87 The applicants submit that the evidence (which includes that given by Ms Jones, Ms Shaw and Ms Hamersley) shows that they have worked expeditiously and carefully to respond to the examination summonses and the orders to produce in circumstances where the summonses and orders were obtained in a State distant from their home jurisdiction and where they have been required to obtain new legal representation. They submit that the evidence discloses that, since service, they have taken numerous steps to obtain advice in relation to the scope of the summonses and orders and that those steps were more complicated than in an ordinary case given the Guidelines to which I have referred at [71] above. They also rely on their own lack of knowledge of the applicable time limit. Further, they rely on the fact that SSO corresponded with Lipman Karas on 10 June 2016 and that Jones Day similarly corresponded with Lipman Karas on 21 June 2016 with a view to obtaining information to help them consider their position, and that Lipman Karas declined, on behalf of Mr Trevor, to provide that information. The applicants say that Mr Trevor has known since 21 June 2016 of their intention to move to set aside the examination summonses and orders to produce.
88 Mr Trevor criticises the quality of the explanation given by the applicants for their delay and points to what he regards as being deficiencies in the evidence filed on their behalf, including the fact that, of the four applicants, only Mr Evans has made an affidavit and therefore given a direct explanation for his delay.
89 Mr Trevor argues that the evidence seems to reflect a change of heart on the part of the applicants in that, initially, it appears that they intended to comply with the summonses and orders. According to Mr Trevor, this intention appears to have changed on or around 21 June 2016 (see [81] above). Mr Trevor hypothesises that the applicants had consciously decided not to move to discharge the summonses and orders and that, now, they seek to resile from that decision.
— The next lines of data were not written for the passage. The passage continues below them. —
(* For every sequence ${\mathbf s}=(s_1,\dots,s_l)$ in $\widehat{\mathcal S}$ with $l\ge1$ the sum defining ${\mathcal X}_T({\mathbf s})$ is direct: ${\mathcal X}_T({\mathbf s})=\Delta({\mathcal X}_T({\mathbf s}'))\oplus c^{\alpha_l}\big(\Delta({\mathcal X}_T({\mathbf s}'))\big)$. In particular, for every sequence ${\mathbf s}$ of length $l$, ${\mathcal X}_T({\mathbf s})$ is a graded free $S_T$-module of graded rank $(1+v^2)^l$ (i.e. it has a homogeneous basis with $\binom lk$ elements of degree $2k$ for each $k$).
   Context: $R$ is an irreducible reduced finite root system with positive roots $R^+$, simple roots $\Pi$, highest root $\gamma$; $X$ its weight lattice, $\widehat X=X\oplus\mathbb Z$, $\delta=(0,-1)$, affine roots $\widehat R=\{\alpha+n\delta\}$. $\widehat{\mathcal W}$ is the affine Weyl group generated by $s_{\alpha,n}(v,m)=(v-(\langle\alpha,v\rangle-mn)\alpha^\vee,m)$ on $V^*\oplus\mathbb Q$, acting contragrediently on $\widehat X$; $\widehat{\mathcal S}=\{s_{\alpha,0}:\alpha\in\Pi\}\cup\{s_{\gamma,1}\}$; the simple affine root attached to $s_{\alpha,0}$ is $\alpha$ and to $s_{\gamma,1}$ is $-\gamma+\delta$. $T$ is a commutative unital domain in which $2$ is not a zero divisor and in which all $\alpha\otimes1\in\widehat X\otimes T$, $\alpha\in\widehat R$, are nonzero. $S_T$ is the symmetric algebra of $\widehat X\otimes T$, graded with $\widehat X\otimes T$ in degree $2$. For ${\mathbf s}=(s_1,\dots,s_l)$, $I({\mathbf s})$ is the set of tuples $(i_1<\dots<i_n)$, $0\le n\le l$, in $\{1,\dots,l\}$, and $\operatorname{ev}(i_1,\dots,i_n)=s_{i_1}\cdots s_{i_n}$. For $l\ge1$ let ${\mathbf s}'=(s_1,\dots,s_{l-1})$; regard $I({\mathbf s}')\subset I({\mathbf s})$ and write $\gamma s_l$ for $\gamma$ with $l$ appended, so $I({\mathbf s})=I({\mathbf s}')\sqcup I({\mathbf s}')s_l$. $\Delta\colon\bigoplus_{I({\mathbf s}')}S_T\to\bigoplus_{I({\mathbf s})}S_T$ is given by $\Delta(z)_\gamma=\Delta(z)_{\gamma s_l}=z_\gamma$. For $\lambda\in\widehat X$, $c^\lambda$ is the endomorphism of $\bigoplus_{\sigma\in I({\mathbf s})}S_T$ multiplying the $\sigma$-component by $\operatorname{ev}(\sigma)(\lambda)\otimes1$. $\alpha_l$ is the simple affine root of $s_l$. Define ${\mathcal X}_T(\emptyset)=S_T$ and ${\mathcal X}_T({\mathbf s})=\Delta({\mathcal X}_T({\mathbf s}'))+c^{\alpha_l}(\Delta({\mathcal X}_T({\mathbf s}')))\subset\bigoplus_{\sigma\in I({\mathbf s})}S_T$. *)

theory Defs
  imports "HOL-Analysis.Analysis" "HOL-Library.Poly_Mapping"
begin

definition cp :: "'v::euclidean_space \<Rightarrow> 'v \<Rightarrow> real" where
  "cp lam a = 2 * (lam \<bullet> a) / (a \<bullet> a)"

definition refl :: "'v::euclidean_space \<Rightarrow> 'v \<Rightarrow> 'v" where
  "refl a lam = lam - cp lam a *\<^sub>R a"

definition root_system :: "'v::euclidean_space set \<Rightarrow> bool" where
  "root_system R \<longleftrightarrow> finite R \<and> 0 \<notin> R \<and> span R = UNIV
     \<and> (\<forall>a\<in>R. \<forall>b\<in>R. refl a b \<in> R)
     \<and> (\<forall>a\<in>R. \<forall>b\<in>R. cp b a \<in> \<int>)"

definition reduced_rs :: "'v::euclidean_space set \<Rightarrow> bool" where
  "reduced_rs R \<longleftrightarrow> (\<forall>a\<in>R. \<forall>c::real. c *\<^sub>R a \<in> R \<longrightarrow> c = 1 \<or> c = -1)"

definition irreducible_rs :: "'v::euclidean_space set \<Rightarrow> bool" where
  "irreducible_rs R \<longleftrightarrow> \<not> (\<exists>A B. A \<noteq> {} \<and> B \<noteq> {} \<and> A \<union> B = R \<and> A \<inter> B = {}
        \<and> (\<forall>a\<in>A. \<forall>b\<in>B. a \<bullet> b = 0))"

definition is_base :: "'v::euclidean_space set \<Rightarrow> 'v set \<Rightarrow> bool" where
  "is_base R Sm \<longleftrightarrow> Sm \<subseteq> R \<and> independent Sm \<and>
     (\<forall>b\<in>R. \<exists>c::'v \<Rightarrow> int. b = (\<Sum>a\<in>Sm. of_int (c a) *\<^sub>R a) \<and>
        ((\<forall>a\<in>Sm. c a \<ge> 0) \<or> (\<forall>a\<in>Sm. c a \<le> 0)))"

definition highest_root :: "'v::euclidean_space set \<Rightarrow> 'v set \<Rightarrow> 'v \<Rightarrow> bool" where
  "highest_root R Sm gam \<longleftrightarrow> gam \<in> R \<and>
     (\<forall>b\<in>R. \<exists>c::'v \<Rightarrow> nat. gam - b = (\<Sum>a\<in>Sm. of_nat (c a) *\<^sub>R a))"

definition weights :: "'v::euclidean_space set \<Rightarrow> 'v set" where
  "weights R = {lam. \<forall>a\<in>R. cp lam a \<in> \<int>}"

section \<open>Affine data: X^ = X (+) Z, elements (lam, k); delta = (0,-1)\<close>

text \<open>Labels of simple affine reflections: Some a means s_{a,0} (a simple),
  None means s_{gam,1}.\<close>
definition labels :: "'v set \<Rightarrow> 'v option set" where
  "labels Sm = insert None (Some ` Sm)"

text \<open>Contragredient action of s_{a,n} on X^:
  (lam,k) maps to (lam - <lam,a^vee> a, k - n <lam,a^vee>).\<close>
definition aff_refl :: "'v::euclidean_space \<Rightarrow> int \<Rightarrow> 'v \<times> int \<Rightarrow> 'v \<times> int" where
  "aff_refl a n x = (refl a (fst x), snd x - n * \<lfloor>cp (fst x) a\<rfloor>)"

fun act :: "'v::euclidean_space \<Rightarrow> 'v option \<Rightarrow> 'v \<times> int \<Rightarrow> 'v \<times> int" where
  "act gam (Some a) = aff_refl a 0"
| "act gam None = aff_refl gam 1"

text \<open>Simple affine root: a for s_{a,0}; -gam + delta = (-gam, -1) for s_{gam,1}.\<close>
fun aroot :: "'v::euclidean_space \<Rightarrow> 'v option \<Rightarrow> 'v \<times> int" where
  "aroot gam (Some a) = (a, 0)"
| "aroot gam None = (- gam, -1)"

text \<open>Index tuples (i_1 < ... < i_n) in {1..l} are encoded as subsets of {0..<l}
  (0-based positions in the list s).  ev s sg = s_{i_1} ... s_{i_n}.\<close>
definition ev :: "'v::euclidean_space \<Rightarrow> 'v option list \<Rightarrow> nat set \<Rightarrow> 'v \<times> int \<Rightarrow> 'v \<times> int" where
  "ev gam s sg = foldr (\<lambda>i. act gam (s ! i)) (sorted_list_of_set sg)"

section \<open>S_T = Sym(X^ (x) T), as polynomial ring over T in the coordinates
  w.r.t. the Z-basis (fundamental weights, (0,1)) of X^\<close>

type_synonym ('v, 'T) sym = "('v option \<Rightarrow>\<^sub>0 nat) \<Rightarrow>\<^sub>0 'T"

definition Var :: "'v option \<Rightarrow> ('v, 'T::comm_ring_1) sym" where
  "Var v = Poly_Mapping.single (Poly_Mapping.single v 1) 1"

definition SymAlg :: "'v set \<Rightarrow> ('v, 'T::comm_ring_1) sym set" where
  "SymAlg Sm = {p. \<forall>m\<in>Poly_Mapping.keys p. Poly_Mapping.keys m \<subseteq> labels Sm}"

text \<open>lam (x) 1 for lam = (mu, k) in X^: mu = sum_a <mu,a^vee> omega_a.\<close>
definition tens :: "'v::euclidean_space set \<Rightarrow> 'v \<times> int \<Rightarrow> ('v, 'T::comm_ring_1) sym" where
  "tens Sm x = (\<Sum>a\<in>Sm. of_int \<lfloor>cp (fst x) a\<rfloor> * Var (Some a)) + of_int (snd x) * Var None"

text \<open>Homogeneous of degree d in the grading where X^ (x) T has degree 2.\<close>
definition homog :: "('v, 'T::comm_ring_1) sym \<Rightarrow> nat \<Rightarrow> bool" where
  "homog p d \<longleftrightarrow> (\<forall>m\<in>Poly_Mapping.keys p. 2 * (\<Sum>v\<in>Poly_Mapping.keys m. Poly_Mapping.lookup m v) = d)"

section \<open>The modules X_T(s) inside (+)_{sg in I(s)} S_T\<close>

type_synonym ('v, 'T) dsum = "nat set \<Rightarrow> ('v, 'T) sym"

definition addF :: "('v, 'T::comm_ring_1) dsum \<Rightarrow> ('v, 'T) dsum \<Rightarrow> ('v, 'T) dsum" where
  "addF x y = (\<lambda>sg. x sg + y sg)"

text \<open>Delta for a sequence of length l: Delta(z)_gamma = Delta(z)_{gamma s_l} = z_gamma.\<close>
definition Delta :: "nat \<Rightarrow> ('v, 'T::comm_ring_1) dsum \<Rightarrow> ('v, 'T) dsum" where
  "Delta l z = (\<lambda>sg. if sg \<subseteq> {..<l} then z (sg - {l - 1}) else 0)"

definition cmul :: "'v::euclidean_space set \<Rightarrow> 'v \<Rightarrow> 'v option list \<Rightarrow> 'v \<times> int
     \<Rightarrow> ('v, 'T::comm_ring_1) dsum \<Rightarrow> ('v, 'T) dsum" where
  "cmul Sm gam s lam F = (\<lambda>sg. tens Sm (ev gam s sg lam) * F sg)"

primrec XT_rev :: "'v::euclidean_space set \<Rightarrow> 'v \<Rightarrow> 'v option list \<Rightarrow> ('v, 'T::comm_ring_1) dsum set" where
  "XT_rev Sm gam [] = {F. \<exists>p\<in>SymAlg Sm. F = (\<lambda>sg. if sg = {} then p else 0)}"
| "XT_rev Sm gam (a # rs) =
     (let s = rev rs @ [a]; l = length s; M = XT_rev Sm gam rs in
       {addF x y | x y. x \<in> Delta l ` M \<and> y \<in> cmul Sm gam s (aroot gam a) ` (Delta l ` M)})"

definition XT :: "'v::euclidean_space set \<Rightarrow> 'v \<Rightarrow> 'v option list \<Rightarrow> ('v, 'T::comm_ring_1) dsum set" where
  "XT Sm gam s = XT_rev Sm gam (rev s)"

definition graded_free :: "'v set \<Rightarrow> ('v, 'T::comm_ring_1) dsum set \<Rightarrow> nat \<Rightarrow> bool" where
  "graded_free Sm M l \<longleftrightarrow> (\<exists>(N::nat) (b::nat \<Rightarrow> ('v, 'T) dsum) (dg::nat \<Rightarrow> nat).
      (\<forall>j<N. b j \<in> M \<and> (\<forall>sg. homog (b j sg) (dg j)))
    \<and> (\<forall>d. card {j. j < N \<and> dg j = d} = (if even d then l choose (d div 2) else 0))
    \<and> (\<forall>x\<in>M. \<exists>!p::nat \<Rightarrow> ('v, 'T) sym. (\<forall>j. p j \<in> SymAlg Sm) \<and> (\<forall>j\<ge>N. p j = 0)
                 \<and> x = (\<lambda>sg. \<Sum>j<N. p j * b j sg)))"

end

theory Submission
  imports Defs
begin

text \<open>Let \<open>k\<close> be the last position of \<open>s\<close> and \<open>g \<subseteq> {0..<k}\<close>. Since the simple reflection
  \<open>s\<^sub>k\<close> negates its simple affine root \<open>\<alpha>\<close>, the components of \<open>\<Delta>(y) + c\<^sup>\<alpha>(\<Delta>(z))\<close> at \<open>g\<close> and at
  \<open>g \<union> {k}\<close> are \<open>y\<^sub>g + t z\<^sub>g\<close> and \<open>y\<^sub>g - t z\<^sub>g\<close>, where \<open>t = ev(g)(\<alpha>) \<otimes> 1\<close> is a nonzero linear
  form. A nonzero linear form is not a zero divisor in the polynomial ring and 2 is not a zero
  divisor in \<open>T\<close>, so \<open>y\<close> and \<open>z\<close> can be read off and the sum is direct. Consequently a homogeneous
  basis of \<open>X\<^sub>T(s')\<close> yields one of \<open>X\<^sub>T(s)\<close>: its image under \<open>\<Delta>\<close> together with its image under
  \<open>c\<^sup>\<alpha> \<circ> \<Delta>\<close>, shifted by degree 2; by induction the graded rank is \<open>(1 + v\<^sup>2)\<^sup>l\<close>.\<close>

lemma lookup_mult_unique_sum:
  fixes f g :: "'a::monoid_add \<Rightarrow>\<^sub>0 'b::semiring_0"
  assumes uniq: "\<And>a' b'. a' \<in> Poly_Mapping.keys f \<Longrightarrow> b' \<in> Poly_Mapping.keys g \<Longrightarrow>
                   a' + b' = a + b \<Longrightarrow> a' = a \<and> b' = b"
  shows "Poly_Mapping.lookup (f * g) (a + b) = Poly_Mapping.lookup f a * Poly_Mapping.lookup g b"
proof -
  let ?term = "\<lambda>(a', b'). Poly_Mapping.lookup f a' * Poly_Mapping.lookup g b'"
  have "Poly_Mapping.lookup (f * g) (a + b) = Sum_any (\<lambda>ab. ?term ab when a + b = fst ab + snd ab)"
    by transfer (simp add: prod_fun_unfold_prod split_def)
  also have "\<dots> = Sum_any (\<lambda>ab. ?term ab when (a, b) = ab)"
  proof (rule Sum_any.cong)
    fix ab :: "'a \<times> 'a"
    obtain a' b' where ab: "ab = (a', b')" by (cases ab)
    show "(?term ab when a + b = fst ab + snd ab) = (?term ab when (a, b) = ab)"
    proof (cases "a' \<in> Poly_Mapping.keys f \<and> b' \<in> Poly_Mapping.keys g")
      case True
      then show ?thesis using uniq[of a' b'] by (auto simp: ab when_def)
    next
      case False
      then show ?thesis by (auto simp: ab when_def in_keys_iff)
    qed
  qed
  also have "\<dots> = Poly_Mapping.lookup f a * Poly_Mapping.lookup g b"
    by simp
  finally show ?thesis .
qed

definition linear_form :: "(('a \<Rightarrow>\<^sub>0 nat) \<Rightarrow>\<^sub>0 'b::zero) \<Rightarrow> bool" where
  "linear_form p \<longleftrightarrow> (\<forall>m\<in>Poly_Mapping.keys p. \<exists>v. m = Poly_Mapping.single v 1)"

lemma linear_form_add:
  fixes p q :: "('a \<Rightarrow>\<^sub>0 nat) \<Rightarrow>\<^sub>0 'b::monoid_add"
  shows "linear_form p \<Longrightarrow> linear_form q \<Longrightarrow> linear_form (p + q)"
  unfolding linear_form_def using keys_add[of p q] by blast

lemma linear_form_sum:
  fixes f :: "'c \<Rightarrow> ('a \<Rightarrow>\<^sub>0 nat) \<Rightarrow>\<^sub>0 'b::comm_monoid_add"
  shows "(\<And>a. a \<in> A \<Longrightarrow> linear_form (f a)) \<Longrightarrow> linear_form (sum f A)"
  by (induction A rule: infinite_finite_induct) (simp_all add: linear_form_add linear_form_def[of 0])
Alternatively, he hypothesises that the applicants made a deliberate decision to delay filing the interlocutory process.
90 Mr Trevor advances a number of submissions that attack the applicants' stated unawareness of the three day time limit. I do not propose to summarise all the submissions Mr Trevor makes other than to note that they raise a number of speculative possibilities as to what the applicants might have known or, perhaps, should have known. It is enough for me to say that, having considered these submissions, I am not persuaded that I should go behind the evidence that has been given. In short, I accept that each applicant was not aware of the time limit until the times recorded at [79] above.
91 I do accept, however, that from around 17 June 2016, officers within the SSO were aware of the time limit. On 21 June 2016, Jones Day put Mr Trevor on notice of the applicants' intention to move to discharge the examination summonses and the notices to produce. The question that arises is whether the effluxion of time from either 17 or 21 June 2016 to 1 July 2016, when the interlocutory process was filed, should stand as an additional reason why time should not be extended.
92 Mr Trevor submits that at no time did any of the applicants show concern that he was out of time or exhibit any sense of urgency. He argues that the applicants have adopted a leisurely approach, which appears to have been premised on the assumption that they are entitled to bring their application at a time of their choosing to suit their convenience and that of their counsel. Mr Trevor submits that this is not a satisfactory explanation for the delay.